Renouncing the study of the profane sciences, he devoted himself to the study of Holy Scripture and the cultivation of the spiritual life. Shortly after Basil's elevation as Bishop of Caesarea in 370, Peter received from him priestly ordination. Basil appears to have employed his brother as his confidential agent in some matters. Subsequently, he withdrew from active affairs, and resumed the life of a solitary ascetic. He assisted his sister and his mother in establishing their monastic community after his father's death. Peter became involved in the gradual transformation of his mother's household from a community of virgins to a cenobitic community of both women and men. He headed the male monastery while Macrina was responsible for the female community. When the provinces of Pontus and Cappadocia were visited by a severe famine, he gave a remarkable proof of his charity, liberally disposing of all that belonged to his monastery, and whatever he could raise, to supply with necessaries the numerous crowds that daily resorted to him, in that time of distress.

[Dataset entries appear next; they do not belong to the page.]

(* Let $n\ge2$, let $D$ and $D'$ be proper subdomains of $\mathbb{R}^n$, and let $f:\overline{\mathbb{R}}^n\to\overline{\mathbb{R}}^n$ be a Möbius transformation with $f(D)=D'$. Then for all $x,y\in D$, $$\tfrac12\tilde\tau_D(x,y)\le\tilde\tau_{D'}(f(x),f(y))\le2\tilde\tau_D(x,y).$$
   Context: $\overline{\mathbb{R}}^n=\mathbb{R}^n\cup\{\infty\}$; a Möbius transformation is a finite composition of reflections in spheres and hyperplanes. For a proper subdomain $D\subsetneq\mathbb{R}^n$ and $x,y\in D$, $\tilde\tau_D(x,y)=\log\big(1+\sup_{p\in\partial D}\frac{|x-y|}{\sqrt{|x-p||y-p|}}\big)$ (the scale invariant Cassinian metric), where $\partial D$ is the boundary of $D$ in $\mathbb{R}^n$. *)

theory Defs
  imports "HOL-Analysis.Analysis"
begin

text \<open>Extended space: None plays the role of the point at infinity.\<close>
type_synonym 'n ext = "(real ^ 'n) option"

definition sphere_refl :: "real ^ 'n::finite \<Rightarrow> real \<Rightarrow> 'n ext \<Rightarrow> 'n ext" where
  "sphere_refl a r z = (case z of
       None \<Rightarrow> Some a
     | Some x \<Rightarrow> (if x = a then None
                  else Some (a + (r\<^sup>2 / (norm (x - a))\<^sup>2) *\<^sub>R (x - a))))"

definition hyperplane_refl :: "real ^ 'n::finite \<Rightarrow> real \<Rightarrow> 'n ext \<Rightarrow> 'n ext" where
  "hyperplane_refl u t z = map_option
       (\<lambda>x. x - (2 * (u \<bullet> x - t) / (norm u)\<^sup>2) *\<^sub>R u) z"

inductive is_reflection :: "('n::finite ext \<Rightarrow> 'n ext) \<Rightarrow> bool" where
  sphere: "r > 0 \<Longrightarrow> is_reflection (sphere_refl a r)"
| hyperplane: "u \<noteq> 0 \<Longrightarrow> is_reflection (hyperplane_refl u t)"

inductive mobius :: "('n::finite ext \<Rightarrow> 'n ext) \<Rightarrow> bool" where
  refl: "is_reflection g \<Longrightarrow> mobius g"
| comp: "mobius f \<Longrightarrow> is_reflection g \<Longrightarrow> mobius (g \<circ> f)"

definition proper_domain :: "(real ^ 'n::finite) set \<Rightarrow> bool" where
  "proper_domain D \<longleftrightarrow> open D \<and> connected D \<and> D \<noteq> {} \<and> D \<noteq> UNIV"

definition sic_metric :: "(real ^ 'n::finite) set \<Rightarrow> real ^ 'n \<Rightarrow> real ^ 'n \<Rightarrow> real" where
  "sic_metric D x y = ln (1 + (SUP p\<in>frontier D. dist x y / sqrt (dist x p * dist y p)))"

end

theory Submission
  imports Defs
begin

text \<open>A Moebius map f rescales the distance of the one-point extension, in which \<open>\<infinity>\<close> lies at
distance 1 from every finite point, by a positive conformal factor:
\<open>ext_dist (f z) (f w) = k z * k w * ext_dist z w\<close>. Hence the four-point quantity
\<open>|x - y| |p - q| / sqrt (|x - p| |y - p| |x - q| |y - q|)\<close> is Moebius invariant. With
\<open>q = f\<^sup>-\<^sup>1 \<infinity>\<close> it turns the Cassinian quotient of f x, f y at a boundary point \<open>f p\<close> of D' into
the four-point quantity of x, y, p, q, where p and q lie outside D. The triangle inequality gives
\<open>|p - q| \<le> sqrt (|x - p| |y - p|) + sqrt (|x - q| |y - q|) + |x - y|\<close>, so this quantity is at
most \<open>2 B + B\<^sup>2\<close>, where B is the supremum defining the metric of D (it dominates the quotient on the
whole complement of D, not only on the boundary). As \<open>1 + 2 B + B\<^sup>2 = (1 + B)\<^sup>2\<close>, taking
logarithms gives the upper bound; the lower one follows by applying it to \<open>f\<^sup>-\<^sup>1\<close>.\<close>

fun ext_dist :: "'a::metric_space option \<Rightarrow> 'a option \<Rightarrow> real" where
  "ext_dist (Some x) (Some y) = dist x y"
| "ext_dist (Some x) None = 1"
| "ext_dist None (Some y) = 1"
| "ext_dist None None = 0"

About 380 he was elevated to Bishop of Sebaste in Armenia after the death of the violent Arian and furious persecutor of his brother Basil, Bishop Eustathius of Sebaste, to root out the Arian heresy in that diocese, where it had taken deep root. Without displaying any literary activity, he took his stand beside his brothers Basil and Gregory in their fight against the Arian heresy. In his life and episcopal administration he displayed the same characteristics as Basil, and Gregory of Nyssa writes of Peter: "In his later life he seemed to be no less than Basil the Great in virtue." Linked together in the closest manner with his brothers, he followed their writings with the greatest interest. At his advice Gregory of Nyssa wrote his great work, Against Eunomius, in defense of Basil's similarly named book answering the polemical work of Eunomius. It was also at his desire that Gregory wrote the Treatise on the Work of the Six Days, to defend Basil's similar treatise against false interpretations of the Book of Genesis and to complete it. Another work of Gregory's, On the Endowment of Man, was also written at Peter's suggestion and sent to the latter with an appropriate preface as an Easter gift in 387. We have no detailed information concerning his activity as a bishop, except that he was present at the Second Ecumenical Synod of Constantinople in 381.

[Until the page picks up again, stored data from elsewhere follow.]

(*
  Write e = 1 / (1 + phi(|k|)) (resolvent_delta phi). For f in D(A) the functional
  f |-> integral f equals <(A + 1) f, e>, and the finiteness hypothesis says exactly that
  e is square integrable.
  Hence A0 has deficiency indices (1, 1): the adjoint of A0 acts on D(A) + C e by
  g0 + c e |-> A g0 - c e, and the self-adjoint extensions other than A are the operators
  A_theta (singular_ext phi theta) with domain {g0 + c e : integral g0 = theta c}.

  The quadratic form of A_theta at p + e, integral p = theta, is Re <p + e, A p - e>, and
  elementary pointwise bounds on its density show that A_theta is non-negative for
  theta = - integral e when e is integrable, and for theta = integral e / phi when e / phi
  is integrable. Conversely, if neither is integrable, then for every theta there is p
  with integral p = theta and negative form: take p = e / phi on a bounded set with large
  integral of e / phi, where the density vanishes, and correct the integral by a multiple
  of 1 / phi on a far set where phi >= 3. Then a non-negative self-adjoint extension T
  cannot contain any g0 + c e with c <> 0, so T is contained in A and T = A.
  The integrals over R^n are finally reduced to radial integrals with weight r^(n-1).
*)

theory Submission
  imports Defs
begin

section \<open>Square-integrable functions\<close>

lemma borel_measurable_cnj [measurable]:
  "f \<in> borel_measurable M \<Longrightarrow> (\<lambda>x. cnj (f x)) \<in> borel_measurable M"
  by (rule measurable_compose[of f M borel cnj borel]) (auto intro: borel_measurable_continuous_onI continuous_intros)

lemma L2_borel_measurable: "f \<in> L2 \<Longrightarrow> f \<in> borel_measurable lebesgue"
  and L2_integrable_square: "f \<in> L2 \<Longrightarrow> integrable lebesgue (\<lambda>k. (cmod (f k))\<^sup>2)"
  by (auto simp: L2_def)

lemma L2_dominated:
  assumes f: "f \<in> L2" and g: "g \<in> borel_measurable lebesgue"
    and le: "AE k in lebesgue. cmod (g k) \<le> C * cmod (f k)"
  shows "g \<in> L2"
  unfolding L2_def
proof (intro CollectI conjI g)
  have "integrable lebesgue (\<lambda>k. C\<^sup>2 * (cmod (f k))\<^sup>2)"
    using L2_integrable_square[OF f] by simp
  then show "integrable lebesgue (\<lambda>k. (cmod (g k))\<^sup>2)"
  proof (rule Bochner_Integration.integrable_bound)
    show "(\<lambda>k. (cmod (g k))\<^sup>2) \<in> borel_measurable lebesgue" using g by measurable
    show "AE k in lebesgue. norm ((cmod (g k))\<^sup>2) \<le> norm (C\<^sup>2 * (cmod (f k))\<^sup>2)"
      using le by eventually_elim (auto simp: power_mult_distrib[symmetric] intro!: power_mono)
  qed
qed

Saint Peter reposed in peace in 391. Theodoret of Cyrus wrote of him: "Among the conspicuous bishops of Asia were the two Gregorys, the one of Nazianzus and the other of Nyssa, the latter the brother and the former the friend and fellow worker of the great Basil. These were foremost champions of piety in Cappadocia; and in front rank with them was Peter, born of the same parents with Basil and Gregory, who though not having received like them a foreign education, like them lived a life of brilliant distinction."